THE TASK
For this exercise, reproduce the entries below exactly, but only from the line containing "bilinearity/balancing relators.\<close>" through the line containing "Poly_Mapping.keys \<phi> \<subseteq>", both included.

DATA SUPPLIED
text \<open>Tensor product N \<otimes>_R M as an abelian group: formal Z-linear combinations
  of pairs (n,m) in carrier N \<times> carrier M, modulo the subgroup generated by the
  bilinearity/balancing relators.\<close>
definition formal_sums :: "('r, 'a) module \<Rightarrow> ('r, 'b) module \<Rightarrow> (('a \<times> 'b) \<Rightarrow>\<^sub>0 int) set" where
  "formal_sums N M = {\<phi>. Poly_Mapping.keys \<phi> \<subseteq> carrier N \<times> carrier M}"

definition tensor_relators :: "('r, 'x) ring_scheme \<Rightarrow> ('r, 'a) module \<Rightarrow> ('r, 'b) module \<Rightarrow> (('a \<times> 'b) \<Rightarrow>\<^sub>0 int) set" where
  "tensor_relators R N M =
     {Poly_Mapping.single (n \<oplus>\<^bsub>N\<^esub> n', m) 1 - Poly_Mapping.single (n, m) 1 - Poly_Mapping.single (n', m) 1
        | n n' m. n \<in> carrier N \<and> n' \<in> carrier N \<and> m \<in> carrier M}
   \<union> {Poly_Mapping.single (n, m \<oplus>\<^bsub>M\<^esub> m') 1 - Poly_Mapping.single (n, m) 1 - Poly_Mapping.single (n, m') 1
        | n m m'. n \<in> carrier N \<and> m \<in> carrier M \<and> m' \<in> carrier M}
   \<union> {Poly_Mapping.single (r \<odot>\<^bsub>N\<^esub> n, m) 1 - Poly_Mapping.single (n, r \<odot>\<^bsub>M\<^esub> m) 1
        | r n m. r \<in> carrier R \<and> n \<in> carrier N \<and> m \<in> carrier M}"

text \<open>The subgroup generated by the relators; a formal sum represents 0 in N \<otimes>_R M
  iff it lies in this subgroup.\<close>
inductive_set tensor_rel :: "('r, 'x) ring_scheme \<Rightarrow> ('r, 'a) module \<Rightarrow> ('r, 'b) module \<Rightarrow> (('a \<times> 'b) \<Rightarrow>\<^sub>0 int) set"
  for R N M where
  zero: "0 \<in> tensor_rel R N M"
| plus: "x \<in> tensor_rel R N M \<Longrightarrow> \<rho> \<in> tensor_relators R N M \<Longrightarrow> x + \<rho> \<in> tensor_rel R N M"
| minus: "x \<in> tensor_rel R N M \<Longrightarrow> \<rho> \<in> tensor_relators R N M \<Longrightarrow> x - \<rho> \<in> tensor_rel R N M"

text \<open>The map f \<otimes> id_M on formal sums.\<close>
definition push :: "('a \<Rightarrow> 'c) \<Rightarrow> (('a \<times> 'b) \<Rightarrow>\<^sub>0 int) \<Rightarrow> (('c \<times> 'b) \<Rightarrow>\<^sub>0 int)" where
  "push f \<phi> = (\<Sum>p\<in>Poly_Mapping.keys \<phi>. Poly_Mapping.single (f (fst p), snd p) (Poly_Mapping.lookup \<phi> p))"

text \<open>Flatness: - \<otimes>_R M preserves exactness of every sequence N1 -> N2 -> N3 of
  R-modules (the carriers may live in arbitrary types 'a, 'b, 'c).\<close>
definition flat_mod :: "('r, 'x) ring_scheme \<Rightarrow> ('r, 'm) module \<Rightarrow> 'a itself \<Rightarrow> 'b itself \<Rightarrow> 'c itself \<Rightarrow> bool" where
  "flat_mod R M _ _ _ \<longleftrightarrow> module R M \<and>
    (\<forall>(N1 :: ('r, 'a) module) (N2 :: ('r, 'b) module) (N3 :: ('r, 'c) module) f g.
       module R N1 \<and> module R N2 \<and> module R N3 \<and> mod_hom R N1 N2 f \<and> mod_hom R N2 N3 g \<and>
       exact_at N1 N2 N3 f g \<longrightarrow>
       (\<forall>\<phi>\<in>formal_sums N2 M. push g \<phi> \<in> tensor_rel R N3 M \<longleftrightarrow>
           (\<exists>\<psi>\<in>formal_sums N1 M. \<phi> - push f \<psi> \<in> tensor_rel R N2 M)))"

ANSWER AREA
  bilinearity/balancing relators.\<close>
definition formal_sums :: "('r, 'a) module \<Rightarrow> ('r, 'b) module \<Rightarrow> (('a \<times> 'b) \<Rightarrow>\<^sub>0 int) set" where
  "formal_sums N M = {\<phi>. Poly_Mapping.keys \<phi> \<subseteq> carrier N \<times> carrier M}"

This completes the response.